++++ Dataset entries ++++

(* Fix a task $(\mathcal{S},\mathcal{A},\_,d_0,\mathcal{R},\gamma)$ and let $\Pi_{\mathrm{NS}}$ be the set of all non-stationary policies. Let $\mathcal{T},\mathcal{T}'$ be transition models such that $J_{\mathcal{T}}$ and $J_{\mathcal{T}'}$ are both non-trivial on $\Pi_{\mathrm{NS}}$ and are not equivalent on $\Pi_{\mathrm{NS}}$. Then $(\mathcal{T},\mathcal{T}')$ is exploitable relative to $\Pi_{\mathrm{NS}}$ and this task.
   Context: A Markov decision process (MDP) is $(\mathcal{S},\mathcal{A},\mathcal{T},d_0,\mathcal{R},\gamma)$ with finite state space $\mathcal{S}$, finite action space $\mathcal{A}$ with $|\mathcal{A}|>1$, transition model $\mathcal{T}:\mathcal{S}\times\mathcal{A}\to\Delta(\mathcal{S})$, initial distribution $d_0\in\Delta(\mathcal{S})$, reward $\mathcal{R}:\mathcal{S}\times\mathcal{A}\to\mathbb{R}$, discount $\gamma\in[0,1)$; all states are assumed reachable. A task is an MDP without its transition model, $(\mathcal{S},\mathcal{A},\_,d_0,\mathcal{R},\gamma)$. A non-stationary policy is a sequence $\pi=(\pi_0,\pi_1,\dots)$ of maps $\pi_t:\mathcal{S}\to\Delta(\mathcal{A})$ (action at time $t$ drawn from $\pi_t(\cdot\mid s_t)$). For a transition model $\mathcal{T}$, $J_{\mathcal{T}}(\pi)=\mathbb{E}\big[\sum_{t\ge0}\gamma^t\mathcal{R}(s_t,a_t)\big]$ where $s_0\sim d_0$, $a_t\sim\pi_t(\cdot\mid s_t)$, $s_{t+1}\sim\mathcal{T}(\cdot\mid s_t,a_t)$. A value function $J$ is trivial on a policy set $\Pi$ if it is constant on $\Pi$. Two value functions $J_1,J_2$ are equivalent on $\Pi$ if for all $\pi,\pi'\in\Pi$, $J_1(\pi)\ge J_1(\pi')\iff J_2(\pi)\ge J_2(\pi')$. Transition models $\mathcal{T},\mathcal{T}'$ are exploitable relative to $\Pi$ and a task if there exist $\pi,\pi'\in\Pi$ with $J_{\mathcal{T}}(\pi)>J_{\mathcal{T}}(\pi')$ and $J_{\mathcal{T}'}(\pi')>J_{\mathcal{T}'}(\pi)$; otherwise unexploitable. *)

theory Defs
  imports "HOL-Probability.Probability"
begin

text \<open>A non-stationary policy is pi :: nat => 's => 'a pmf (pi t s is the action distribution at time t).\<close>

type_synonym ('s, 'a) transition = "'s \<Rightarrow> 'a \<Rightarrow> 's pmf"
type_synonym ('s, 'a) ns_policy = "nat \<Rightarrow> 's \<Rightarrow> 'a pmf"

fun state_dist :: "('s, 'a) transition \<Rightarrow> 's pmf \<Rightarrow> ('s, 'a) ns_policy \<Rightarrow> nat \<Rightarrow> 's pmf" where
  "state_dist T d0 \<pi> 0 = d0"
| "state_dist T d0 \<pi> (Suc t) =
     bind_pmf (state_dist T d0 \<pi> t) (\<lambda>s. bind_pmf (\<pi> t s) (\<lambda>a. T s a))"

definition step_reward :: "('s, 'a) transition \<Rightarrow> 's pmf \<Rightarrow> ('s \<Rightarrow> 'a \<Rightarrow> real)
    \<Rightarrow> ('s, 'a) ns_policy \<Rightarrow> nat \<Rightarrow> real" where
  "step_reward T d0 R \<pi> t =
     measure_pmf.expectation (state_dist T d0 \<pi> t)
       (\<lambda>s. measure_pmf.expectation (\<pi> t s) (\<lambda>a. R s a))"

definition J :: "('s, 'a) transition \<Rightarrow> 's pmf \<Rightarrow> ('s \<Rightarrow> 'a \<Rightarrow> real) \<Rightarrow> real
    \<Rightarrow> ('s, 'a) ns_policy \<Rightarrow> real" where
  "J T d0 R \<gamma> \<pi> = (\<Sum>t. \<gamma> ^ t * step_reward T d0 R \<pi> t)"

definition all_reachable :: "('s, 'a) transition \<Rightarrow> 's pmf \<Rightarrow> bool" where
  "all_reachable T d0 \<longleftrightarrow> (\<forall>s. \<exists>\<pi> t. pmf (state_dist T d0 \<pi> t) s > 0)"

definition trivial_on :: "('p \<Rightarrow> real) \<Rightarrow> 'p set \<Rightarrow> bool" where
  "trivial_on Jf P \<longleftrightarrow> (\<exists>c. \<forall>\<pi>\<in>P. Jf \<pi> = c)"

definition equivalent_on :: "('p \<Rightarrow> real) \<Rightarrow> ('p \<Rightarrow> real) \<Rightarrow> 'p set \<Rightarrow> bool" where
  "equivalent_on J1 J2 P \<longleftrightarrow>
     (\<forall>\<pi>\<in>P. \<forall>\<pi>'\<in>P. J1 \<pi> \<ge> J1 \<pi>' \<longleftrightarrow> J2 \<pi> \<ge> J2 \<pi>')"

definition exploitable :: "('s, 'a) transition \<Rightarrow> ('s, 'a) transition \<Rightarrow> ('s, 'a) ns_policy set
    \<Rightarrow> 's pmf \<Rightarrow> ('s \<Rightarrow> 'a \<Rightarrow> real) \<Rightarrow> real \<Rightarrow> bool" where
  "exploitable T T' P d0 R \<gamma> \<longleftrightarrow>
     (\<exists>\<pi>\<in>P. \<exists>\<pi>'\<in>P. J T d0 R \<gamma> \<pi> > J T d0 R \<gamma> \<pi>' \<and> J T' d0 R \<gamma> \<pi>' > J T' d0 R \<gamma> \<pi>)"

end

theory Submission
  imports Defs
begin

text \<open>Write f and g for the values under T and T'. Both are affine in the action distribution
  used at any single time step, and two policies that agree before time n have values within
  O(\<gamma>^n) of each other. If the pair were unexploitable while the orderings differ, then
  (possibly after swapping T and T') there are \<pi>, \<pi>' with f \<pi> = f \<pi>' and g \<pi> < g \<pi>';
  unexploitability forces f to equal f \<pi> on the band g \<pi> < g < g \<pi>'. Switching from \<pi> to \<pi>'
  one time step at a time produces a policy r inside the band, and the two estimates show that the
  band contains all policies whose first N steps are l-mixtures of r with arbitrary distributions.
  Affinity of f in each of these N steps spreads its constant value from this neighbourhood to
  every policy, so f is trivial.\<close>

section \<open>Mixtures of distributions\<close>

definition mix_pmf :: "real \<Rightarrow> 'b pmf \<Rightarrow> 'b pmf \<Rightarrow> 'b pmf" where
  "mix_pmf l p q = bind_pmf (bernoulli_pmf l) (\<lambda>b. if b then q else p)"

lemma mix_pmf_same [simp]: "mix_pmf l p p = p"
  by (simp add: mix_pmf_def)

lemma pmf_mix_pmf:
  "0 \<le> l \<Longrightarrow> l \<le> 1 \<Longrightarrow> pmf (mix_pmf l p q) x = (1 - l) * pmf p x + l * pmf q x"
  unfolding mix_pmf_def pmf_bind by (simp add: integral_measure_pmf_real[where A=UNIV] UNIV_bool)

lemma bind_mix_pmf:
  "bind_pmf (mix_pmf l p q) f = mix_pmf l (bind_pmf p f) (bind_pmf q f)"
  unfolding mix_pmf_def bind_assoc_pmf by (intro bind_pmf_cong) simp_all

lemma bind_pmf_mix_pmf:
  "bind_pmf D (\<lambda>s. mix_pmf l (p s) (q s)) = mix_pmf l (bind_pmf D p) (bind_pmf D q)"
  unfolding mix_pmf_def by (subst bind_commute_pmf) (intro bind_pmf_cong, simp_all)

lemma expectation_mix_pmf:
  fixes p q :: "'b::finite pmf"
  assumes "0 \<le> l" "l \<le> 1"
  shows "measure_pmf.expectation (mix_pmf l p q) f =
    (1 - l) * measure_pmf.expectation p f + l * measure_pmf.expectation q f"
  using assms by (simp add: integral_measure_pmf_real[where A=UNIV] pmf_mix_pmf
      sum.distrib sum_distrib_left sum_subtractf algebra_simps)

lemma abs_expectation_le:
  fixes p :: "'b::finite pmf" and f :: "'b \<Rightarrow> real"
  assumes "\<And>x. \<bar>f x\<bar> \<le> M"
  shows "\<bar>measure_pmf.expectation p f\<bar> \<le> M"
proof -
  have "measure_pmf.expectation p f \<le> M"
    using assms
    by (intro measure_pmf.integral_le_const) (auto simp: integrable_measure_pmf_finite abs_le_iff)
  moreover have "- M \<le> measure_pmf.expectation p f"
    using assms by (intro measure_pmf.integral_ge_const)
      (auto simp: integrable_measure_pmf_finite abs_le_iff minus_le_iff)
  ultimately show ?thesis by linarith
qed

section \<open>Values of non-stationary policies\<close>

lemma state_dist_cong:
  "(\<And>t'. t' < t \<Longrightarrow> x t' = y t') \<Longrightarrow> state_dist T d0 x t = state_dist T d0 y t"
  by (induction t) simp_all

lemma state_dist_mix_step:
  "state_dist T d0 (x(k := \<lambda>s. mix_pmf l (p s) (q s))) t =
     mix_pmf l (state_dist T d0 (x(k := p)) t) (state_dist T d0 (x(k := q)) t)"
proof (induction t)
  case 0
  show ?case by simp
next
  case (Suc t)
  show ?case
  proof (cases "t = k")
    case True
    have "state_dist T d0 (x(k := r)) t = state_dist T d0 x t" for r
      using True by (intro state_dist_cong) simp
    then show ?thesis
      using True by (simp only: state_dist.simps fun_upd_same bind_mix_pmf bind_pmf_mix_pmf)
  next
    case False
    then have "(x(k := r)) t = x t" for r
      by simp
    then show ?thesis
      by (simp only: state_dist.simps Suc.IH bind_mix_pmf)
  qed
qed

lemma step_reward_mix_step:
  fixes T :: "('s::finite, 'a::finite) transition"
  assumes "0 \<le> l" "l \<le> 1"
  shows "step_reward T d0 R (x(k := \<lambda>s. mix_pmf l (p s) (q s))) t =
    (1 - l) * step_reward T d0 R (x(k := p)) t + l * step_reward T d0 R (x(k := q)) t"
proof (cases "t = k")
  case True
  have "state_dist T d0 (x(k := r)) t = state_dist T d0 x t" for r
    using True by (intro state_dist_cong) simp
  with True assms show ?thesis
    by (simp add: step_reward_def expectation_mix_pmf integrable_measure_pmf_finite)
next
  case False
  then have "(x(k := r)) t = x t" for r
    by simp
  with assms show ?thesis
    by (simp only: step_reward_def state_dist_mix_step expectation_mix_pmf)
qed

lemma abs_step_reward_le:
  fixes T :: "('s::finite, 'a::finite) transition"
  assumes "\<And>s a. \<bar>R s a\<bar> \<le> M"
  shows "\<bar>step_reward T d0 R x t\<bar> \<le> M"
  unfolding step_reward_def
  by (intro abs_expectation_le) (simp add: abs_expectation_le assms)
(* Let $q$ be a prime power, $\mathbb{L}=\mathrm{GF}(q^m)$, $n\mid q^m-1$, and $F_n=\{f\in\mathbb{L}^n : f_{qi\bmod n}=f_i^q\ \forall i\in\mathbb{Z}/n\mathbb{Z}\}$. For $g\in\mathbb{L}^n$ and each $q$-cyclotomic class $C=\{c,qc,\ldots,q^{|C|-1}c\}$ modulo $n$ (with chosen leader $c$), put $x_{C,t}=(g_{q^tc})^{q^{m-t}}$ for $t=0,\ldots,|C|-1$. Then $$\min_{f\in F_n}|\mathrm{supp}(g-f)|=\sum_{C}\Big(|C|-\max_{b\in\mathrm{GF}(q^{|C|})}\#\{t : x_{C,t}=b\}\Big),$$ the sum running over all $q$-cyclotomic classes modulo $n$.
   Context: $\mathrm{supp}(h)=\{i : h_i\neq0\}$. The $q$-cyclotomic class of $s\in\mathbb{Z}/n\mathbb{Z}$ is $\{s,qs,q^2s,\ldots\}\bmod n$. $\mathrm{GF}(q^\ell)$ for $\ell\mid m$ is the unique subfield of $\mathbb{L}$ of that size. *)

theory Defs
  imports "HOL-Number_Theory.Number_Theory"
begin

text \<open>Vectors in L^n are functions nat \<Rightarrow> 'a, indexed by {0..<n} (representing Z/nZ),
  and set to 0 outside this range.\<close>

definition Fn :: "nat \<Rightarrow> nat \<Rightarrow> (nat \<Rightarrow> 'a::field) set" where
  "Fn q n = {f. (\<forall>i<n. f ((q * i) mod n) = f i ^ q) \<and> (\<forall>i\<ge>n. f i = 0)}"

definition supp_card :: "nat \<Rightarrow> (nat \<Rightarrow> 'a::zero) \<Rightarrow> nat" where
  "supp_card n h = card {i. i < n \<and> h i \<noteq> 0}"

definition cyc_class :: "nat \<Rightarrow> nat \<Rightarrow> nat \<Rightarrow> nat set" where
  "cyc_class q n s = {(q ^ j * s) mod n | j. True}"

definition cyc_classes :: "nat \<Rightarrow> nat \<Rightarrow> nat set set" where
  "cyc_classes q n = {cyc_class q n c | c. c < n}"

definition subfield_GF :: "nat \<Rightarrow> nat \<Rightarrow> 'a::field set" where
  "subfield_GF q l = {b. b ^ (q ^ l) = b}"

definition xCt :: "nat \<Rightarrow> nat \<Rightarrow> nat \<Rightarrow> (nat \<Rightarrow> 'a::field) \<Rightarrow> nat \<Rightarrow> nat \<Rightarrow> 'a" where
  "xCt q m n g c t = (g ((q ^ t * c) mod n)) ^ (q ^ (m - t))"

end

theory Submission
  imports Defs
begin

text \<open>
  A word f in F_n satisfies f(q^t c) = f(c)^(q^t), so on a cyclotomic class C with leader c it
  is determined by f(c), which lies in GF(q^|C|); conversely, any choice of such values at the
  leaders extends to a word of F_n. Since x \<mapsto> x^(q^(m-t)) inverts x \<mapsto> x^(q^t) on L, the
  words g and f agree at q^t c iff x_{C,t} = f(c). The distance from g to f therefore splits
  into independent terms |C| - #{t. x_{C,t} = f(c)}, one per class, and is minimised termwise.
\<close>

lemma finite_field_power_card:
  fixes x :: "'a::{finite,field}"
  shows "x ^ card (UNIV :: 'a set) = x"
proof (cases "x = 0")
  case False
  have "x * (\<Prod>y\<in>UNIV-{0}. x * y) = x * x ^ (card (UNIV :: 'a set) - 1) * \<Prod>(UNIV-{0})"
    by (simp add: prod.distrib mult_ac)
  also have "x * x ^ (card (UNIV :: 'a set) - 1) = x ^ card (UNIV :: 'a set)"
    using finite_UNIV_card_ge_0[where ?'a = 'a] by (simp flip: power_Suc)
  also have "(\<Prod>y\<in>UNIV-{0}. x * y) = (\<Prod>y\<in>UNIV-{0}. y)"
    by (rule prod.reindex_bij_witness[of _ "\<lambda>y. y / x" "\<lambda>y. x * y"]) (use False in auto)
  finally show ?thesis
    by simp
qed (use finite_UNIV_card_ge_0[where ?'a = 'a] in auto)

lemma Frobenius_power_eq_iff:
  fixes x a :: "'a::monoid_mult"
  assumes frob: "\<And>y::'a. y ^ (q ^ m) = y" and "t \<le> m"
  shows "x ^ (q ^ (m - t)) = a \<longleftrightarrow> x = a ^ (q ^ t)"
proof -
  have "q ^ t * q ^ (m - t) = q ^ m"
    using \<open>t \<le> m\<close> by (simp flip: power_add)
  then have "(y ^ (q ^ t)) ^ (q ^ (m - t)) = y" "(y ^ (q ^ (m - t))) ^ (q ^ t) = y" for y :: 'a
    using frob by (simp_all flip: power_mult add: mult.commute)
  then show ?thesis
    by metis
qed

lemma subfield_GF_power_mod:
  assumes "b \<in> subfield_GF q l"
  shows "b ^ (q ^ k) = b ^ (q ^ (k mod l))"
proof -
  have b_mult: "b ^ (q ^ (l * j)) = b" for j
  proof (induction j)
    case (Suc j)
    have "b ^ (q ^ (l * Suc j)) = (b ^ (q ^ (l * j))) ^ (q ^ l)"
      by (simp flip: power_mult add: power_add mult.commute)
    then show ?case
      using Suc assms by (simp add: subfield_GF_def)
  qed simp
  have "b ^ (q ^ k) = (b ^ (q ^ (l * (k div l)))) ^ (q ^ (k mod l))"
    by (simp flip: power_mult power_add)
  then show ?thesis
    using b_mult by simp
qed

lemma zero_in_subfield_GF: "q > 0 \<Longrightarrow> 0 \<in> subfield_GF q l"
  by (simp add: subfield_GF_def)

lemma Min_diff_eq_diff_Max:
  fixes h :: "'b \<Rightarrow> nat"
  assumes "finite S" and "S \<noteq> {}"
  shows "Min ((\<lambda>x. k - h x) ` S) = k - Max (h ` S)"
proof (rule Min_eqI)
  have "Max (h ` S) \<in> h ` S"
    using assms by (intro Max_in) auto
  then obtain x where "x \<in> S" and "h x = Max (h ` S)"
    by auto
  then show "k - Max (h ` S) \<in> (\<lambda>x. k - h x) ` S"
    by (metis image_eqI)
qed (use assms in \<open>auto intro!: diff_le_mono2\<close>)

++++

» Exercise goal: For the records above, count the lines that contain the word "induction" and give only that number.

» Response to this task: 3